Of the material below, only the lines from the line containing "using \<sigma>(2) by" down to the line containing "using \<sigma> t" belong in the answer, written out exactly.
----- TASK INPUTS
lemma tinner_Xi_act_young_sym_if_short_prefix:
  assumes "l \<le> k" "k < x" "x \<le> n div 2" "s permutes {..<n}"
  shows "tinner n (Xi n m k l) (act n s (young_sym n x \<Psi>)) = 0"
proof -
  define P where "P = inv s ` {k..<n}"
  have inv_s: "inv s permutes {..<n}"
    using permutes_inv[OF assms(4)] .
  have P: "P \<subseteq> {..<n}" "card P = n - k"
    using permutes_in_image[OF inv_s] card_image[OF permutes_inj_on[OF inv_s]]
    by (auto simp: P_def)
  moreover have "n - x < n - k"
    using assms(2,3) by linarith
  ultimately obtain i j where ij: "i \<in> P" "j \<in> P" "i \<noteq> j" "tab_col n x i = tab_col n x j"
    using obtain_column_pair[OF assms(3)] by metis
  define t where "t = transpose i j"
  define \<sigma> where "\<sigma> = transpose (s i) (s j)"
  have "s i \<in> {k..<n}" "s j \<in> {k..<n}" "i < n" "j < n"
    using ij(1,2) P(1) permutes_inverses(1)[OF assms(4)] by (auto simp: P_def)
  then have \<sigma>: "\<sigma> permutes {k..<n}" "\<sigma> permutes {..<n}"
    by (simp_all add: \<sigma>_def permutes_swap_id)
  have t: "t permutes {..<n}"
    using \<open>i < n\<close> \<open>j < n\<close> by (simp add: t_def permutes_swap_id)
  have "\<sigma> \<circ> s = s \<circ> t"
    using permutes_bij[OF assms(4)] permutes_inverses(2)[OF assms(4)]
    by (simp add: \<sigma>_def t_def transpose_comp_eq)
  let ?X = "Xi n m k l" and ?Y = "young_sym n x \<Psi>"
  have "tinner n ?X (act n s ?Y) = tinner n (act n \<sigma> ?X) (act n \<sigma> (act n s ?Y))"
    using \<sigma>(2) by (simp add: tinner_act_act)
  also have "\<dots> = tinner n ?X (act n s (act n t ?Y))"
    using \<sigma> t assms(1,4) \<open>\<sigma> \<circ> s = s \<circ> t\<close> by (simp add: act_Xi act_comp)
  also have "\<dots> = - tinner n ?X (act n s ?Y)"
    using ij \<open>i < n\<close> \<open>j < n\<close>
    by (simp add: t_def act_transpose_young_sym act_uminus tinner_uminus_right)
  finally show ?thesis
    by simp
qed

lemma isotypic_subset_tvecs: "isotypic n x \<subseteq> tvecs n"
  by (auto simp: isotypic_def tvecs_def act_def)

lemma zero_in_isotypic: "(\<lambda>_. 0) \<in> isotypic n x"
  unfolding isotypic_def
  by (intro CollectI exI[where x = "\<lambda>_ _. 0"]) (simp add: tvecs_def young_sym_def act_def)

lemma tinner_isotypic_eq_0:
  assumes "\<And>s \<Psi>. s permutes {..<n} \<Longrightarrow> tinner n \<psi> (act n s (young_sym n x \<Psi>)) = 0"
    and "\<phi> \<in> isotypic n x"
  shows "tinner n \<psi> \<phi> = 0"
proof -
  obtain \<Psi> where "\<phi> = (\<lambda>b. \<Sum>s\<in>perms n. act n s (young_sym n x (\<Psi> s)) b)"
    using assms(2) by (auto simp: isotypic_def)
  then show ?thesis
    using assms(1) by (simp add: tinner_sum_right perms_def)
qed

lemma proj_iso_eq_0_if_orthogonal:
  assumes "\<And>\<phi>. \<phi> \<in> isotypic n x \<Longrightarrow> tinner n \<psi> \<phi> = 0"
  shows "proj_iso n x \<psi> = (\<lambda>_. 0)"
  unfolding proj_iso_def
proof (rule the_equality)
  show "(\<lambda>_. 0) \<in> isotypic n x \<and> (\<forall>\<phi>\<in>isotypic n x. tinner n \<phi> (\<lambda>b. \<psi> b - 0) = 0)"
    using zero_in_isotypic assms by (subst tinner_commute) simp
next
  fix w assume w: "w \<in> isotypic n x \<and> (\<forall>\<phi>\<in>isotypic n x. tinner n \<phi> (\<lambda>b. \<psi> b - w b) = 0)"
  then have "tinner n w \<psi> - tinner n w w = 0"
    by (simp flip: tinner_diff_right)
  moreover have "tinner n w \<psi> = 0"
    using assms w by (subst tinner_commute) simp
  moreover have "w \<in> tvecs n"
    using w isotypic_subset_tvecs by blast
  ultimately show "w = (\<lambda>_. 0)"
    by (simp add: tinner_self_eq_0_iff)
qed

lemma tinner_Xi_act_young_sym:
  assumes "m \<le> n" "l \<le> min m k" "min (min m (n - m)) k < x" "x \<le> n div 2"
    and "s permutes {..<n}"
  shows "tinner n (Xi n m k l) (act n s (young_sym n x \<Psi>)) = 0"
proof (cases "k < x")
  case True
  then show ?thesis
    using assms(2,4,5) tinner_Xi_act_young_sym_if_short_prefix by simp
next
  case False
  then have "m < x \<or> n - m < x"
    using assms(3) by linarith
  then show ?thesis
    using assms(1,2,4,5) tinner_Xi_act_young_sym_if_weight by simp
qed

theorem corollary4p11:
  fixes n m k l x :: nat
  assumes "m \<le> n" and "k \<le> n"
    and "m + k \<le> n + l" and "l \<le> min m k"
    and "min (min m (n - m)) k < x" and "x \<le> n div 2"
  shows "pxi x n m k l = 0"
proof -
  \<comment> \<open>\<open>k \<le> n\<close> and \<open>m + k \<le> n + l\<close> only ensure \<open>Xi \<noteq> 0\<close>; the vanishing does not need them.\<close>
  have "proj_iso n x (Xi n m k l) = (\<lambda>_. 0)"
    by (rule proj_iso_eq_0_if_orthogonal[OF tinner_isotypic_eq_0])
      (rule tinner_Xi_act_young_sym[OF assms(1,4-6)])
  then show ?thesis
    by (simp add: pxi_def tinner_def)
qed

end
lemma integrable_mult_cnj:
  assumes "square_integrable M u" and "square_integrable M w"
  shows "integrable M (\<lambda>x. u x * cnj (w x))"
proof (rule Bochner_Integration.integrable_bound)
  show "integrable M (\<lambda>x. (cmod (u x))\<^sup>2 + (cmod (w x))\<^sup>2)"
    using assms unfolding square_integrable_def by auto
  show "(\<lambda>x. u x * cnj (w x)) \<in> borel_measurable M"
    using assms unfolding square_integrable_def by (auto intro: borel_measurable_cnj)
  show "AE x in M. norm (u x * cnj (w x)) \<le> norm ((cmod (u x))\<^sup>2 + (cmod (w x))\<^sup>2)"
  proof (rule AE_I2)
    fix x
    have "cmod (u x) * cmod (w x) \<le> (cmod (u x))\<^sup>2 + (cmod (w x))\<^sup>2"
      using sum_squares_bound[of "cmod (u x)" "cmod (w x)"]
        mult_nonneg_nonneg[OF norm_ge_zero norm_ge_zero, of "u x" "w x"] by linarith
    then show "norm (u x * cnj (w x)) \<le> norm ((cmod (u x))\<^sup>2 + (cmod (w x))\<^sup>2)"
      by (simp add: norm_mult)
  qed
qed

lemma L2_inner_add_scaled_left:
  assumes "square_integrable M u" "square_integrable M w" "square_integrable M e"
  shows "L2_inner M (\<lambda>x. u x + c * w x) e = L2_inner M u e + c * L2_inner M w e"
  using integrable_mult_cnj[OF assms(1,3)] integrable_mult_cnj[OF assms(2,3)]
  unfolding L2_inner_def by (simp add: distrib_right mult.assoc)

lemma L2_inner_commute: "L2_inner M w u = cnj (L2_inner M u w)"
  unfolding L2_inner_def by (subst Bochner_Integration.integral_cnj[symmetric]) (simp add: mult.commute)

lemma L2_inner_add_scaled_right:
  assumes "square_integrable M u" "square_integrable M w" "square_integrable M e"
  shows "L2_inner M e (\<lambda>x. u x + c * w x) = L2_inner M e u + cnj c * L2_inner M e w"
  by (subst (1 2 3) L2_inner_commute) (simp add: L2_inner_add_scaled_left[OF assms])

lemma cmod_L2_inner_commute: "cmod (L2_inner M w u) = cmod (L2_inner M u w)"
  by (simp add: L2_inner_commute[of M w u])
lemma poly_op_nonneg_one_minus_X:
  assumes Q: "positive_op Q" and n: "\<And>x. norm (Q x) \<le> norm x"
  shows "poly_op_nonneg Q [:1,-1:]"
  unfolding poly_op_nonneg_def
proof
  fix x
  have Ql: "bounded_linear Q" by (rule positive_op_bounded_linear[OF Q])
  have e: "[:1,-1:] = 1 - [:0,1::real:]" by (simp add: one_pCons)
  have "Re (cinner (Q x) x) \<le> norm (Q x) * norm x" by (rule Re_cinner_le)
  also have "\<dots> \<le> norm x * norm x" by (rule mult_right_mono[OF n]) simp
  finally show "0 \<le> Re (cinner (poly_op [:1, -1:] Q x) x)"
    unfolding e poly_op_diff[OF Ql] by (simp add: cinner_diff_left Re_cinner_self power2_eq_square Ql)
qed

lemma poly_op_nonneg_X_one_minus_X:
  assumes Q: "positive_op Q" and n: "\<And>x. norm (Q x) \<le> norm x"
  shows "poly_op_nonneg Q ([:0,1:] * [:1,-1:])"
proof -
  have Ql: "bounded_linear Q" by (rule positive_op_bounded_linear[OF Q])
  have e: "[:0,1:] * [:1,-1:] = [:0,1:] * [:0,1:] * [:1,-1::real:] + [:1,-1:] * [:1,-1:] * [:0,1:]"
    by simp
  show ?thesis unfolding e
    by (intro poly_op_nonneg_add[OF Ql] poly_op_nonneg_square_mult[OF positive_op_bounded_clinear[OF Q]
          positive_op_selfadjoint[OF Q]] poly_op_nonneg_X poly_op_nonneg_one_minus_X Q n)
qed

lemma poly_op_nonneg_bernstein_basis:
  assumes Q: "positive_op Q" and n: "\<And>x. norm (Q x) \<le> norm x"
  shows "poly_op_nonneg Q ([:0,1:] ^ k * [:1,-1:] ^ m)"
proof (induction "k + m" arbitrary: k m rule: less_induct)
  case less
  let ?X = "[:0,1::real:]" and ?Y = "[:1,-1::real:]"
  note sw = poly_op_nonneg_square_mult[OF positive_op_bounded_clinear[OF Q] positive_op_selfadjoint[OF Q]]
  show ?case
  proof (cases "k \<ge> 2")
    case True
    then obtain k' where k: "k = Suc (Suc k')" by (metis add_2_eq_Suc le_Suc_ex)
    have "?X ^ k * ?Y ^ m = ?X * ?X * (?X ^ k' * ?Y ^ m)" by (simp only: k power_Suc mult_ac)
    moreover have "poly_op_nonneg Q (?X ^ k' * ?Y ^ m)" using less[of k' m] k by simp
    ultimately show ?thesis using sw by metis
  next
    case k2: False
    show ?thesis
    proof (cases "m \<ge> 2")
      case True
      then obtain m' where m: "m = Suc (Suc m')" by (metis add_2_eq_Suc le_Suc_ex)
      have "?X ^ k * ?Y ^ m = ?Y * ?Y * (?X ^ k * ?Y ^ m')" by (simp only: m power_Suc mult_ac)
      moreover have "poly_op_nonneg Q (?X ^ k * ?Y ^ m')" using less[of k m'] m by simp
      ultimately show ?thesis using sw by metis
    next
      case False
      then have "k = 0 \<or> k = 1" "m = 0 \<or> m = 1" using k2 by auto
      then show ?thesis
        using poly_op_nonneg_1 poly_op_nonneg_X[OF Q] poly_op_nonneg_one_minus_X[OF Q n]
          poly_op_nonneg_X_one_minus_X[OF Q n] by auto
    qed
  qed
qed
(* Let $(x^*,y^* )$ be an optimal solution of the LP relaxation of forest cover, $G^*$ the subgraph with vertex set $\{i: x^*_i>0\}$ and edge set $\{(i,j): y^*_{ij}>0\}$, and $C=(V_C,E_C)$ a connected component of $G^*$ with at least one edge. Let $e_1,\dots,e_{|E_C|}$ be the edges of $C$ in the order (nondecreasing weight) in which Kruskal's algorithm considers them when computing the minimum spanning tree $M$ of $C$, and let $T$ be the tree obtained from $M$ by deleting every degree-one vertex $i$ of $M$ with $x^*_i<1/2$ together with its incident edge. For $1\le r\le|E_C|$ let $H_r$ be the graph with edge set $E_{H_r}=\{e_1,\dots,e_r\}$ and vertex set $V_{H_r}$ the endpoints of these edges, with connected components $S^1_r,\dots,S^k_r$, and let $T^f_r$ be the graph whose edges $E_{T^f_r}$ are the edges of $S^f_r$ belonging to $T$ and whose vertices $V_{T^f_r}$ are their endpoints. Then $$\sum_{i\in V_{H_r}}x^*_i-\sum_{(i,j)\in E_{H_r}}y^*_{ij}\;\ge\;\sum_{f=1}^k\big(|V_{T^f_r}|-|E_{T^f_r}|\big).$$
   Context: Graph $G=(V,E)$ with edge weights $w:E\to[0,1]$. For $S\subseteq V$, $E(S)$ denotes the edges with both endpoints in $S$. The LP relaxation of forest cover: minimize $\sum_{i\in V}x_i-\sum_{(i,j)\in E}y_{ij}(1-w_{ij})$ subject to $x_i+x_j\ge1$ and $x_i\ge y_{ij}$, $x_j\ge y_{ij}$ for all $(i,j)\in E$; $\sum_{i\in S}x_i-\sum_{(i,j)\in E(S)}y_{ij}\ge1$ for all $S\subseteq V$ with $E(S)\ne\emptyset$; $0\le x,y\le1$. *)

theory Defs
  imports Complex_Main
begin

definition simple_graph :: "'a set \<Rightarrow> 'a set set \<Rightarrow> bool" where
  "simple_graph V E \<longleftrightarrow> finite V \<and> (\<forall>e\<in>E. card e = 2 \<and> e \<subseteq> V)"

definition edges_in :: "'a set set \<Rightarrow> 'a set \<Rightarrow> 'a set set" where
  "edges_in E S = {e \<in> E. e \<subseteq> S}"

definition adj :: "'a set set \<Rightarrow> 'a \<Rightarrow> 'a \<Rightarrow> bool" where
  "adj F u v \<longleftrightarrow> {u, v} \<in> F"

definition conn :: "'a set set \<Rightarrow> 'a \<Rightarrow> 'a \<Rightarrow> bool" where
  "conn F u v \<longleftrightarrow> (adj F)\<^sup>*\<^sup>* u v"

definition verts_of :: "'a set set \<Rightarrow> 'a set" where
  "verts_of F = \<Union>F"

definition components :: "'a set \<Rightarrow> 'a set set \<Rightarrow> 'a set set" where
  "components W F = {{v \<in> W. conn F u v} | u. u \<in> W}"

definition degree :: "'a set set \<Rightarrow> 'a \<Rightarrow> nat" where
  "degree F i = card {e \<in> F. i \<in> e}"

definition lp_feasible :: "'a set \<Rightarrow> 'a set set \<Rightarrow> ('a \<Rightarrow> real) \<Rightarrow> ('a set \<Rightarrow> real) \<Rightarrow> bool" where
  "lp_feasible V E x y \<longleftrightarrow>
     (\<forall>e\<in>E. \<forall>i j. e = {i, j} \<longrightarrow> x i + x j \<ge> 1 \<and> x i \<ge> y e \<and> x j \<ge> y e) \<and>
     (\<forall>S. S \<subseteq> V \<and> edges_in E S \<noteq> {} \<longrightarrow> sum x S - sum y (edges_in E S) \<ge> 1) \<and>
     (\<forall>i\<in>V. 0 \<le> x i \<and> x i \<le> 1) \<and> (\<forall>e\<in>E. 0 \<le> y e \<and> y e \<le> 1)"

definition lp_obj :: "'a set \<Rightarrow> 'a set set \<Rightarrow> ('a set \<Rightarrow> real) \<Rightarrow> ('a \<Rightarrow> real) \<Rightarrow> ('a set \<Rightarrow> real) \<Rightarrow> real" where
  "lp_obj V E w x y = sum x V - (\<Sum>e\<in>E. y e * (1 - w e))"

definition lp_optimal :: "'a set \<Rightarrow> 'a set set \<Rightarrow> ('a set \<Rightarrow> real) \<Rightarrow> ('a \<Rightarrow> real) \<Rightarrow> ('a set \<Rightarrow> real) \<Rightarrow> bool" where
  "lp_optimal V E w x y \<longleftrightarrow> lp_feasible V E x y \<and>
     (\<forall>x' y'. lp_feasible V E x' y' \<longrightarrow> lp_obj V E w x y \<le> lp_obj V E w x' y')"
----------
[EXERCISE RESULT]:
    using \<sigma>(2) by (simp add: tinner_act_act)
  also have "\<dots> = tinner n ?X (act n s (act n t ?Y))"
    using \<sigma> t assms(1,4) \<open>\<sigma> \<circ> s = s \<circ> t\<close> by (simp add: act_Xi act_comp)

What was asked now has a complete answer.